*** SUPPLIED INFORMATION Section Begins ***
lemma local_min_on_branch_nonneg:
  assumes I: "open I" "m \<in> I" and on_I: "\<And>z. z \<in> I \<Longrightarrow> (z\<^sup>2 + a) * f z = branch b z"
    and min: "d > 0" "\<forall>y. \<bar>m - y\<bar> < d \<longrightarrow> f m \<le> f y"
  shows "f m \<ge> 0"
proof -
  have "slope b m = 0"
    using DERIV_local_min[OF has_derivative_on_branch[OF I on_I] min] .
  with I on_I have "(slope b has_real_derivative (lam\<^sup>2 - 4) * f m / (m\<^sup>2 + a)) (at m)"
    by (intro slope_has_derivative_at_critical)
  then have "((\<lambda>x. - slope b x) has_real_derivative - ((lam\<^sup>2 - 4) * f m / (m\<^sup>2 + a))) (at m)"
    by (rule DERIV_minus)
  moreover have "((\<lambda>x. - f x) has_real_derivative - slope b x) (at x)" if "x \<in> I" for x
    using has_derivative_on_branch[OF I(1) that on_I] by (rule DERIV_minus)
  ultimately have "- ((lam\<^sup>2 - 4) * f m / (m\<^sup>2 + a)) \<le> 0"
    using I min by (intro second_deriv_nonpos_at_local_max[where f = "\<lambda>x. - f x"]) auto
  moreover have "lam\<^sup>2 > 2\<^sup>2"
    using lam by (intro power_strict_mono) auto
  ultimately show ?thesis
    using weight_pos[of m] by (simp add: zero_le_divide_iff zero_le_mult_iff)
qed

lemma local_max_nonpos:
  assumes "m \<noteq> 0" "d > 0" "\<forall>y. \<bar>m - y\<bar> < d \<longrightarrow> f y \<le> f m"
  shows "f m \<le> 0"
proof (cases "m > 0")
  case True
  then show ?thesis
    using assms eq_branch_nonneg by (intro local_max_on_branch_nonpos[of "{0<..}"]) auto
next
  case False
  then show ?thesis
    using assms eq_branch_nonpos by (intro local_max_on_branch_nonpos[of "{..<0}"]) auto
qed

lemma local_min_nonneg:
  assumes "m \<noteq> 0" "d > 0" "\<forall>y. \<bar>m - y\<bar> < d \<longrightarrow> f m \<le> f y"
  shows "f m \<ge> 0"
proof (cases "m > 0")
  case True
  then show ?thesis
    using assms eq_branch_nonneg by (intro local_min_on_branch_nonneg[of "{0<..}"]) auto
next
  case False
  then show ?thesis
    using assms eq_branch_nonpos by (intro local_min_on_branch_nonneg[of "{..<0}"]) auto
qed

text \<open>A maximum at the origin is excluded by the kink of \<open>f\<close> there: its one-sided slopes
  \<open>(\<beta> + k) / a\<close> and \<open>(\<beta> - k) / a\<close> would have to be \<open>\<le> 0\<close> and \<open>\<ge> 0\<close>, forcing \<open>k = 0\<close>.\<close>

lemma global_max_nonpos:
  assumes max: "\<forall>y. f y \<le> f m"
  shows "f m \<le> 0"
proof (cases "m = 0")
  case False
  then show ?thesis
    using max by (intro local_max_nonpos[of m 1]) auto
next
  case True
  have slope_0: "((\<lambda>z. branch b z / (z\<^sup>2 + a)) has_real_derivative b / a) (at 0)" for b
    using branch_quotient_has_derivative[of b 0] a by (simp add: branch_def power2_eq_square)
  have "(\<beta> + k) / a \<le> 0"
  proof (rule deriv_nonpos_if_right_max[OF slope_0])
    fix h :: real
    assume "h > 0"
    then show "branch (\<beta> + k) (0 + h) / ((0 + h)\<^sup>2 + a) \<le> branch (\<beta> + k) 0 / (0\<^sup>2 + a)"
      using max[rule_format, of h] True eq_branch_quotient[OF eq_branch_nonneg[of 0]]
        eq_branch_quotient[OF eq_branch_nonneg[of h]] by simp
  qed
  moreover have "- ((\<beta> - k) / a) \<le> 0"
  proof (rule deriv_nonpos_if_right_max)
    show "((\<lambda>z. branch (\<beta> - k) (- z) / ((- z)\<^sup>2 + a)) has_real_derivative - ((\<beta> - k) / a)) (at 0)"
      using DERIV_chain2[OF _ DERIV_minus[OF DERIV_ident], of "\<lambda>z. branch (\<beta> - k) z / (z\<^sup>2 + a)"]
        slope_0[of "\<beta> - k"] by simp
    fix h :: real
    assume "h > 0"
    then show "branch (\<beta> - k) (- (0 + h)) / ((- (0 + h))\<^sup>2 + a) \<le> branch (\<beta> - k) (- 0) / ((- 0)\<^sup>2 + a)"
      using max[rule_format, of "- h"] True eq_branch_quotient[OF eq_branch_nonpos[of 0]]
        eq_branch_quotient[OF eq_branch_nonpos[of "- h"]] by simp
  qed
  ultimately have "k = 0"
    using a k by (simp add: divide_le_0_iff zero_le_divide_iff)
  then have "(z\<^sup>2 + a) * f z = branch \<beta> z" for z
    using eq_branch_nonneg[of z] eq_branch_nonpos[of z] by (cases "z \<ge> 0") auto
  then show ?thesis
    using max by (intro local_max_on_branch_nonpos[of UNIV m \<beta> 1]) auto
qed

end

section \<open>Monotonicity\<close>

lemma nonpos_if_global_max_nonpos:
  fixes f :: "real \<Rightarrow> real"
  assumes cont: "continuous_on UNIV f"
    and top: "(f \<longlongrightarrow> 0) at_top" and bot: "(f \<longlongrightarrow> 0) at_bot"
    and max: "\<And>m. \<forall>y. f y \<le> f m \<Longrightarrow> f m \<le> 0"
  shows "f x \<le> 0"
proof (rule ccontr)
  assume "\<not> f x \<le> 0"
  then have pos: "f x > 0"
    by simp
  obtain R1 where R1: "\<And>y. y \<ge> R1 \<Longrightarrow> \<bar>f y\<bar> < f x"
    using tendstoD[OF top pos] by (auto simp: eventually_at_top_linorder dist_real_def)
  obtain R2 where R2: "\<And>y. y \<le> R2 \<Longrightarrow> \<bar>f y\<bar> < f x"
    using tendstoD[OF bot pos] by (auto simp: eventually_at_bot_linorder dist_real_def)
  define R where "R = \<bar>R1\<bar> + \<bar>R2\<bar> + \<bar>x\<bar>"
  have "\<exists>m\<in>{-R..R}. \<forall>y\<in>{-R..R}. f y \<le> f m"
    by (rule continuous_attains_sup) (auto simp: R_def intro: continuous_on_subset[OF cont])
  then obtain m where m: "m \<in> {-R..R}" "\<And>y. y \<in> {-R..R} \<Longrightarrow> f y \<le> f m"
    by blast
  have "\<bar>x\<bar> \<le> R"
    by (simp add: R_def)
  then have "f x \<le> f m"
    using m(2)[of x] by (simp add: abs_le_iff)
  have "f y \<le> f m" for y
  proof (cases "y \<in> {-R..R}")
    case True
    then show ?thesis
      using m(2) by blast
  next
    case False
    then have "y \<ge> R1 \<or> y \<le> R2"
      by (auto simp: R_def)
    then show ?thesis
      using R1 R2 \<open>f x \<le> f m\<close> by force
  qed
  then show False
    using max[of m] \<open>f x \<le> f m\<close> pos by simp
qed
*** SUPPLIED INFORMATION Section Ends ***
TASK OBJECTIVE => Each record needs to be given again exactly.

SOLUTION TO THIS EXERCISE =>
lemma local_min_on_branch_nonneg:
  assumes I: "open I" "m \<in> I" and on_I: "\<And>z. z \<in> I \<Longrightarrow> (z\<^sup>2 + a) * f z = branch b z"
    and min: "d > 0" "\<forall>y. \<bar>m - y\<bar> < d \<longrightarrow> f m \<le> f y"
  shows "f m \<ge> 0"
proof -
  have "slope b m = 0"
    using DERIV_local_min[OF has_derivative_on_branch[OF I on_I] min] .
  with I on_I have "(slope b has_real_derivative (lam\<^sup>2 - 4) * f m / (m\<^sup>2 + a)) (at m)"
    by (intro slope_has_derivative_at_critical)
  then have "((\<lambda>x. - slope b x) has_real_derivative - ((lam\<^sup>2 - 4) * f m / (m\<^sup>2 + a))) (at m)"
    by (rule DERIV_minus)
  moreover have "((\<lambda>x. - f x) has_real_derivative - slope b x) (at x)" if "x \<in> I" for x
    using has_derivative_on_branch[OF I(1) that on_I] by (rule DERIV_minus)
  ultimately have "- ((lam\<^sup>2 - 4) * f m / (m\<^sup>2 + a)) \<le> 0"
    using I min by (intro second_deriv_nonpos_at_local_max[where f = "\<lambda>x. - f x"]) auto
  moreover have "lam\<^sup>2 > 2\<^sup>2"
    using lam by (intro power_strict_mono) auto
  ultimately show ?thesis
    using weight_pos[of m] by (simp add: zero_le_divide_iff zero_le_mult_iff)
qed

lemma local_max_nonpos:
  assumes "m \<noteq> 0" "d > 0" "\<forall>y. \<bar>m - y\<bar> < d \<longrightarrow> f y \<le> f m"
  shows "f m \<le> 0"
proof (cases "m > 0")
  case True
  then show ?thesis
    using assms eq_branch_nonneg by (intro local_max_on_branch_nonpos[of "{0<..}"]) auto
next
  case False
  then show ?thesis
    using assms eq_branch_nonpos by (intro local_max_on_branch_nonpos[of "{..<0}"]) auto
qed

lemma local_min_nonneg:
  assumes "m \<noteq> 0" "d > 0" "\<forall>y. \<bar>m - y\<bar> < d \<longrightarrow> f m \<le> f y"
  shows "f m \<ge> 0"
proof (cases "m > 0")
  case True
  then show ?thesis
    using assms eq_branch_nonneg by (intro local_min_on_branch_nonneg[of "{0<..}"]) auto
next
  case False
  then show ?thesis
    using assms eq_branch_nonpos by (intro local_min_on_branch_nonneg[of "{..<0}"]) auto
qed

text \<open>A maximum at the origin is excluded by the kink of \<open>f\<close> there: its one-sided slopes
  \<open>(\<beta> + k) / a\<close> and \<open>(\<beta> - k) / a\<close> would have to be \<open>\<le> 0\<close> and \<open>\<ge> 0\<close>, forcing \<open>k = 0\<close>.\<close>

lemma global_max_nonpos:
  assumes max: "\<forall>y. f y \<le> f m"
  shows "f m \<le> 0"
proof (cases "m = 0")
  case False
  then show ?thesis
    using max by (intro local_max_nonpos[of m 1]) auto
next
  case True
  have slope_0: "((\<lambda>z. branch b z / (z\<^sup>2 + a)) has_real_derivative b / a) (at 0)" for b
    using branch_quotient_has_derivative[of b 0] a by (simp add: branch_def power2_eq_square)
  have "(\<beta> + k) / a \<le> 0"
  proof (rule deriv_nonpos_if_right_max[OF slope_0])
    fix h :: real
    assume "h > 0"
    then show "branch (\<beta> + k) (0 + h) / ((0 + h)\<^sup>2 + a) \<le> branch (\<beta> + k) 0 / (0\<^sup>2 + a)"
      using max[rule_format, of h] True eq_branch_quotient[OF eq_branch_nonneg[of 0]]
        eq_branch_quotient[OF eq_branch_nonneg[of h]] by simp
  qed
  moreover have "- ((\<beta> - k) / a) \<le> 0"
  proof (rule deriv_nonpos_if_right_max)
    show "((\<lambda>z. branch (\<beta> - k) (- z) / ((- z)\<^sup>2 + a)) has_real_derivative - ((\<beta> - k) / a)) (at 0)"
      using DERIV_chain2[OF _ DERIV_minus[OF DERIV_ident], of "\<lambda>z. branch (\<beta> - k) z / (z\<^sup>2 + a)"]
        slope_0[of "\<beta> - k"] by simp
    fix h :: real
    assume "h > 0"
    then show "branch (\<beta> - k) (- (0 + h)) / ((- (0 + h))\<^sup>2 + a) \<le> branch (\<beta> - k) (- 0) / ((- 0)\<^sup>2 + a)"
      using max[rule_format, of "- h"] True eq_branch_quotient[OF eq_branch_nonpos[of 0]]
        eq_branch_quotient[OF eq_branch_nonpos[of "- h"]] by simp
  qed
  ultimately have "k = 0"
    using a k by (simp add: divide_le_0_iff zero_le_divide_iff)
  then have "(z\<^sup>2 + a) * f z = branch \<beta> z" for z
    using eq_branch_nonneg[of z] eq_branch_nonpos[of z] by (cases "z \<ge> 0") auto
  then show ?thesis
    using max by (intro local_max_on_branch_nonpos[of UNIV m \<beta> 1]) auto
qed

end

section \<open>Monotonicity\<close>

lemma nonpos_if_global_max_nonpos:
  fixes f :: "real \<Rightarrow> real"
  assumes cont: "continuous_on UNIV f"
    and top: "(f \<longlongrightarrow> 0) at_top" and bot: "(f \<longlongrightarrow> 0) at_bot"
    and max: "\<And>m. \<forall>y. f y \<le> f m \<Longrightarrow> f m \<le> 0"
  shows "f x \<le> 0"
proof (rule ccontr)
  assume "\<not> f x \<le> 0"
  then have pos: "f x > 0"
    by simp
  obtain R1 where R1: "\<And>y. y \<ge> R1 \<Longrightarrow> \<bar>f y\<bar> < f x"
    using tendstoD[OF top pos] by (auto simp: eventually_at_top_linorder dist_real_def)
  obtain R2 where R2: "\<And>y. y \<le> R2 \<Longrightarrow> \<bar>f y\<bar> < f x"
    using tendstoD[OF bot pos] by (auto simp: eventually_at_bot_linorder dist_real_def)
  define R where "R = \<bar>R1\<bar> + \<bar>R2\<bar> + \<bar>x\<bar>"
  have "\<exists>m\<in>{-R..R}. \<forall>y\<in>{-R..R}. f y \<le> f m"
    by (rule continuous_attains_sup) (auto simp: R_def intro: continuous_on_subset[OF cont])
  then obtain m where m: "m \<in> {-R..R}" "\<And>y. y \<in> {-R..R} \<Longrightarrow> f y \<le> f m"
    by blast
  have "\<bar>x\<bar> \<le> R"
    by (simp add: R_def)
  then have "f x \<le> f m"
    using m(2)[of x] by (simp add: abs_le_iff)
  have "f y \<le> f m" for y
  proof (cases "y \<in> {-R..R}")
    case True
    then show ?thesis
      using m(2) by blast
  next
    case False
    then have "y \<ge> R1 \<or> y \<le> R2"
      by (auto simp: R_def)
    then show ?thesis
      using R1 R2 \<open>f x \<le> f m\<close> by force
  qed
  then show False
    using max[of m] \<open>f x \<le> f m\<close> pos by simp
qed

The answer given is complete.